Task goal:
All lines from the opening of the entries below through the line containing "N G\<^sub>1 r\<^sub>1" must be output exactly as they appear, with no other lines.

[Working data]

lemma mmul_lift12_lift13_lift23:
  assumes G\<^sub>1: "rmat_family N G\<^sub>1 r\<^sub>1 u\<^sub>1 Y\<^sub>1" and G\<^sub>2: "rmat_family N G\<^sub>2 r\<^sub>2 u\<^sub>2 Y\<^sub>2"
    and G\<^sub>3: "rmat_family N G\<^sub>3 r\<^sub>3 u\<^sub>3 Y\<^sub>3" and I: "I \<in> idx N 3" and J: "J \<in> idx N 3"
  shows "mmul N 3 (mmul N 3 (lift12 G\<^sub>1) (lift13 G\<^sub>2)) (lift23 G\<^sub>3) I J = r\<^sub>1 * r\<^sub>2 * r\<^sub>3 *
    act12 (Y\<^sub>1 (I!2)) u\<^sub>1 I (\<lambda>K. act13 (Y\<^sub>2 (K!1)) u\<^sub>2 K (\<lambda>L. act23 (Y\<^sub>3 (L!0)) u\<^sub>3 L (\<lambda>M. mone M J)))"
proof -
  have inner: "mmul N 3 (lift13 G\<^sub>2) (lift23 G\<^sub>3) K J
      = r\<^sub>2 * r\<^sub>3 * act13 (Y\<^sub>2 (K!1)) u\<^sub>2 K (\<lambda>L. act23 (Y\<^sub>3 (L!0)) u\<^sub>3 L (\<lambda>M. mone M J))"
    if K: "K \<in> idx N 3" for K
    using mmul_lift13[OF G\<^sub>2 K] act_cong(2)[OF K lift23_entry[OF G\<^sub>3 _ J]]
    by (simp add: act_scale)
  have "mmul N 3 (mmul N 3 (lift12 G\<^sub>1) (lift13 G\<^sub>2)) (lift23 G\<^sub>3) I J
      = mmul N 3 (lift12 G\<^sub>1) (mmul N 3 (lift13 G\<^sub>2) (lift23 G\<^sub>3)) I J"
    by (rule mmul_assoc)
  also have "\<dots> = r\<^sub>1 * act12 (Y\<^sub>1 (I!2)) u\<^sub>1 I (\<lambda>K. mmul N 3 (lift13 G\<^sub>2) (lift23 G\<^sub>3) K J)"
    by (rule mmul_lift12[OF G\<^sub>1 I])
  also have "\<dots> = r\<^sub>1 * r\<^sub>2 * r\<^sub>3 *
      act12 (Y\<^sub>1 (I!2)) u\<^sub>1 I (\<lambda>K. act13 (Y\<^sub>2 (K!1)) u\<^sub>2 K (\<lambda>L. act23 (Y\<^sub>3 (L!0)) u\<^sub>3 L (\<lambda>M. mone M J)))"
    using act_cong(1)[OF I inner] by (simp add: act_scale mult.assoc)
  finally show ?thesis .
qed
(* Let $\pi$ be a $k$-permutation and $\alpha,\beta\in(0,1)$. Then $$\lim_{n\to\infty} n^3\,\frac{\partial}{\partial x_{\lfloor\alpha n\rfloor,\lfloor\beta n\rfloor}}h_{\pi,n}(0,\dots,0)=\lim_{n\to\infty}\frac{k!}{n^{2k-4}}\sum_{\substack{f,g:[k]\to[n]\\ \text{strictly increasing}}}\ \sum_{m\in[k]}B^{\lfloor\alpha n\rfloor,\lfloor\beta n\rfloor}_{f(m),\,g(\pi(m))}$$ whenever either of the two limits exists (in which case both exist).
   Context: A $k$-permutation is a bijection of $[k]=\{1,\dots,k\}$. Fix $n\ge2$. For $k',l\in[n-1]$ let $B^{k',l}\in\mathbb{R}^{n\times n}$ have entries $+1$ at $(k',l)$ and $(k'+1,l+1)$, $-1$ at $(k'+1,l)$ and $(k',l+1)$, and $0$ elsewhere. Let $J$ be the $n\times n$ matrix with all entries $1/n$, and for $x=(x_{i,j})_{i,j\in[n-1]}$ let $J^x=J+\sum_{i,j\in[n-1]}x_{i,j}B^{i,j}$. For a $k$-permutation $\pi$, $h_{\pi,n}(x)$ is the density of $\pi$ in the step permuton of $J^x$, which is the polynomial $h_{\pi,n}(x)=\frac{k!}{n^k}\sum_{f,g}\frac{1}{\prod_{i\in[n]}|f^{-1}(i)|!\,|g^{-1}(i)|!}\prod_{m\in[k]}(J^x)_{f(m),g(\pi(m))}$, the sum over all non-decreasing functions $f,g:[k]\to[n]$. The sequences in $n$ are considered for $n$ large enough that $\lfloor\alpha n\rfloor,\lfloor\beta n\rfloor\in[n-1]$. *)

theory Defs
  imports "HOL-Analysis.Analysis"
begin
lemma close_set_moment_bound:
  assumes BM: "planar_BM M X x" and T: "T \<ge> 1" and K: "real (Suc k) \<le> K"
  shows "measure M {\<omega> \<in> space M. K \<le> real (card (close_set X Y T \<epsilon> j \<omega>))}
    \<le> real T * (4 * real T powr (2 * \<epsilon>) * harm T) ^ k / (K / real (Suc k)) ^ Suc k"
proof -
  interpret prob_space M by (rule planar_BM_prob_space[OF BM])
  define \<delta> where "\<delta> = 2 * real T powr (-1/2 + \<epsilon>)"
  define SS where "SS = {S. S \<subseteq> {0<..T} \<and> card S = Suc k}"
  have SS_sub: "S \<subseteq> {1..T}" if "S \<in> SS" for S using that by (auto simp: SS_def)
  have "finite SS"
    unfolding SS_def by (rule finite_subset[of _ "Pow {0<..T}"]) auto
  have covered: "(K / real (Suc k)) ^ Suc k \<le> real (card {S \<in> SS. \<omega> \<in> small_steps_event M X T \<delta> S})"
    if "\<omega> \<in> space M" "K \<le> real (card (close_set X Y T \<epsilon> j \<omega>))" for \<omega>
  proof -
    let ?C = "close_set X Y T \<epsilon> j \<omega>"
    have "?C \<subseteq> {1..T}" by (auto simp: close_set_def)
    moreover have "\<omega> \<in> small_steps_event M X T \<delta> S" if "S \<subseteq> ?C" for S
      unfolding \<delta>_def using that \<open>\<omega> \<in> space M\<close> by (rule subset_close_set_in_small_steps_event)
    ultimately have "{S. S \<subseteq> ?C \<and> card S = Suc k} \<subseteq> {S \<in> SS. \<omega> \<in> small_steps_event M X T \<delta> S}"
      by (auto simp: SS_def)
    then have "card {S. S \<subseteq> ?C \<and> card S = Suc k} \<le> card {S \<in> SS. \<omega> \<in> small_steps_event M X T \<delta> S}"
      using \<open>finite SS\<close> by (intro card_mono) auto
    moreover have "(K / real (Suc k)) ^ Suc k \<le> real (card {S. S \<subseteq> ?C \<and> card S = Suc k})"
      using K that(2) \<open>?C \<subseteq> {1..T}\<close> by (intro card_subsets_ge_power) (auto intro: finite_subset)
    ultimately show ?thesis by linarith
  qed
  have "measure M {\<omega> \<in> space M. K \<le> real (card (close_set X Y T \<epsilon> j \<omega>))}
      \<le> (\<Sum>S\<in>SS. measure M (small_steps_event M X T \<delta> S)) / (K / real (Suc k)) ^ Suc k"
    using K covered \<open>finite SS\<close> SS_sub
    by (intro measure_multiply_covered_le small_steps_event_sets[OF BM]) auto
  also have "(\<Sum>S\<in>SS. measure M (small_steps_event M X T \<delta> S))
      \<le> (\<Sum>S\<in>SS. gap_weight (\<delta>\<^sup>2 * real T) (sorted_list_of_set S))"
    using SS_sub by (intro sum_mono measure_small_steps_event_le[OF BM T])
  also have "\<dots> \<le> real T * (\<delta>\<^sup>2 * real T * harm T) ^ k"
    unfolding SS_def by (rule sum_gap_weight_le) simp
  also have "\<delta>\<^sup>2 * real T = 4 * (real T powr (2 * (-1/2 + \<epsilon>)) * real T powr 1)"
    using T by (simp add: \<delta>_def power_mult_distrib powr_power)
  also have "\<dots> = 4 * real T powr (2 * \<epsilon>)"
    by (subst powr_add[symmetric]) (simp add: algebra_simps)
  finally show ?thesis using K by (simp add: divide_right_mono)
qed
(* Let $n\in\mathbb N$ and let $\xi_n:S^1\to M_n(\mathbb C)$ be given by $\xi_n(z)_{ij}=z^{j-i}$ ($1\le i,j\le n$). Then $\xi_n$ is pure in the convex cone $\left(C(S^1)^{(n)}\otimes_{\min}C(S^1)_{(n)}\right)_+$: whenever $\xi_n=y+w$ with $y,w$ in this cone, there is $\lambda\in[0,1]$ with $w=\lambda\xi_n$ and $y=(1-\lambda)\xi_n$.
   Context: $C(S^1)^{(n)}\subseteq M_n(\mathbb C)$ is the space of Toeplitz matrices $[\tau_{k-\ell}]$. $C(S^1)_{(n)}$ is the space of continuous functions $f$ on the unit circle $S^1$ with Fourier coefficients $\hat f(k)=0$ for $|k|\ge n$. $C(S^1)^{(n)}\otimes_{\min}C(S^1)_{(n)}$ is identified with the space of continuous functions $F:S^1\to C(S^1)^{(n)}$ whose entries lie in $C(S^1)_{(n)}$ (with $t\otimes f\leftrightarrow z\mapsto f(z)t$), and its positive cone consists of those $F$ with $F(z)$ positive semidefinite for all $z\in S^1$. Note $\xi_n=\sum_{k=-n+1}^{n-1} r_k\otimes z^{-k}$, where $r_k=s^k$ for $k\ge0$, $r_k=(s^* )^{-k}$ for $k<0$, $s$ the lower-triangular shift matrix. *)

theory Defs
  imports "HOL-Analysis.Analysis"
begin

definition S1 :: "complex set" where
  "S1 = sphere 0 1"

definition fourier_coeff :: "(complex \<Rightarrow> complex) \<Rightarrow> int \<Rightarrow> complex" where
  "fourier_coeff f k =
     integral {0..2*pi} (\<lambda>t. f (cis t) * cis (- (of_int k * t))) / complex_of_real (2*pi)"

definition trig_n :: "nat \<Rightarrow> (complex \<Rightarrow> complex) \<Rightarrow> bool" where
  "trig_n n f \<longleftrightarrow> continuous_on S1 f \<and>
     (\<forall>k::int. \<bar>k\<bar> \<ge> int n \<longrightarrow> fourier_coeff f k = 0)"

[/Working data]

Task output:
lemma mmul_lift12_lift13_lift23:
  assumes G\<^sub>1: "rmat_family N G\<^sub>1 r\<^sub>1 u\<^sub>1 Y\<^sub>1" and G\<^sub>2: "rmat_family N G\<^sub>2 r\<^sub>2 u\<^sub>2 Y\<^sub>2"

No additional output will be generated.